# Reduce PDF File Size

There are multiple ways to reduce the size of a given PDF file. The easiest
one is to remove content (e.g., images) or pages.

## Removing duplication

Some PDF documents contain the same object multiple times. For example, if an
image appears three times in a PDF, it could be embedded three times. Or it can
be embedded once and referenced twice.

When adding data to a PdfWriter, the data is copied while respecting the original format.
For example, if two pages include the same image which is duplicated in the source document, the object will be duplicated in the PdfWriter object.

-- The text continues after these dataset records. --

lemma osc_stabilizes:
  "compact K \<Longrightarrow> \<exists>\<alpha>\<in>Field omega1. \<exists>\<beta>. is_succ_ord \<alpha> \<beta> \<and> (\<forall>x\<in>K. osc K f \<alpha> x = osc K f \<beta> x)"
  by (rule omega1_chain_stabilizes) (blast intro: osc_mono osc_less_imp_open)+

lemma stable_osc_if_in_D:
  assumes "in_D K f" "is_succ_ord \<alpha> \<beta>" "\<forall>x\<in>K. osc K f \<alpha> x = osc K f \<beta> x"
  shows "stable_osc K f \<alpha> \<beta>"
proof
  show "(SUP x\<in>K. ennreal (norm (f x)) + osc K f \<alpha> x) < \<infinity>"
    using SUP_norm_plus_osc_le_D_norm D_norm_finite[OF assms(1)] by (rule le_less_trans)
qed (use assms in auto)

lemma stable_osc_if_osc_bounded:
  assumes "\<forall>x\<in>K. norm (f x) \<le> B" "(SUP x\<in>K. osc K f \<alpha> x) < \<infinity>"
    and "is_succ_ord \<alpha> \<beta>" "\<forall>x\<in>K. osc K f \<alpha> x = osc K f \<beta> x"
  shows "stable_osc K f \<alpha> \<beta>"
proof
  have "(SUP x\<in>K. ennreal (norm (f x)) + osc K f \<alpha> x) \<le> ennreal B + (SUP x\<in>K. osc K f \<alpha> x)"
    using assms(1) by (intro SUP_least add_mono ennreal_leI SUP_upper) auto
  also have "\<dots> < \<infinity>" using assms(2) by (simp add: less_top[symmetric])
  finally show "(SUP x\<in>K. ennreal (norm (f x)) + osc K f \<alpha> x) < \<infinity>" .
qed (use assms in auto)

theorem theorem3p1:
  fixes K :: "'a::metric_space set" and f :: "'a \<Rightarrow> complex"
  assumes "compact K"
    and "\<exists>B. \<forall>x\<in>K. norm (f x) \<le> B"
  shows "(in_D K f \<longleftrightarrow> (\<forall>\<alpha>\<in>Field omega1. (SUP x\<in>K. osc K f \<alpha> x) < \<infinity>))
    \<and> (in_D K f \<longrightarrow>
        (\<exists>\<alpha>\<in>Field omega1. \<exists>\<beta>. is_succ_ord \<alpha> \<beta> \<and> (\<forall>x\<in>K. osc K f \<alpha> x = osc K f \<beta> x) \<and>
          ((\<forall>x\<in>K. Im (f x) = 0) \<longrightarrow>
            (let lam = (SUP x\<in>K. ennreal (norm (f x)) + osc K f \<alpha> x);
                 u = (\<lambda>x. (enn2real lam - enn2real (osc K f \<alpha> x) + Re (f x)) / 2);
                 v = (\<lambda>x. (enn2real lam - enn2real (osc K f \<alpha> x) - Re (f x)) / 2)
             in D_norm K f = lam
                \<and> (\<forall>x\<in>K. 0 \<le> u x \<and> 0 \<le> v x)
                \<and> lsc_on K u \<and> lsc_on K v
                \<and> (\<forall>x\<in>K. f x = complex_of_real (u x - v x))
                \<and> D_norm K f = (SUP x\<in>K. ennreal \<bar>u x + v x\<bar>)))))"
proof -
  obtain \<alpha> \<beta> where \<alpha>: "\<alpha> \<in> Field omega1"
    and \<beta>: "is_succ_ord \<alpha> \<beta>" "\<forall>x\<in>K. osc K f \<alpha> x = osc K f \<beta> x"
    using osc_stabilizes[OF assms(1)] by blast
  obtain B where B: "\<forall>x\<in>K. norm (f x) \<le> B" using assms(2) by blast
  have "in_D K f \<longleftrightarrow> (\<forall>\<alpha>\<in>Field omega1. (SUP x\<in>K. osc K f \<alpha> x) < \<infinity>)"
    using in_D_imp_osc_bounded stable_osc.in_D[OF stable_osc_if_osc_bounded[OF B _ \<beta>]] \<alpha> by blast
  moreover have "stable_osc K f \<alpha> \<beta>" if "in_D K f"
    using stable_osc_if_in_D[OF that \<beta>] .
  ultimately show ?thesis
    using \<alpha> \<beta> stable_osc.real_decomposition[of K f \<alpha> \<beta>] by blast
qed

end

Additionally, when you delete objects in a document, pypdf cannot easily identify whether the objects are used elsewhere or not or if the user wants to keep them in. When writing the PDF file, these objects will be hidden within (part of the file, but not displayed).

To reduce the file size, use a compression call: `writer.compress_identical_objects(remove_duplicates=True, remove_unreferenced=True)`

* `remove_duplicates` enables/disables compression merging identical objects.
* `remove_unreferenced` enables/disables suppression of unused objects.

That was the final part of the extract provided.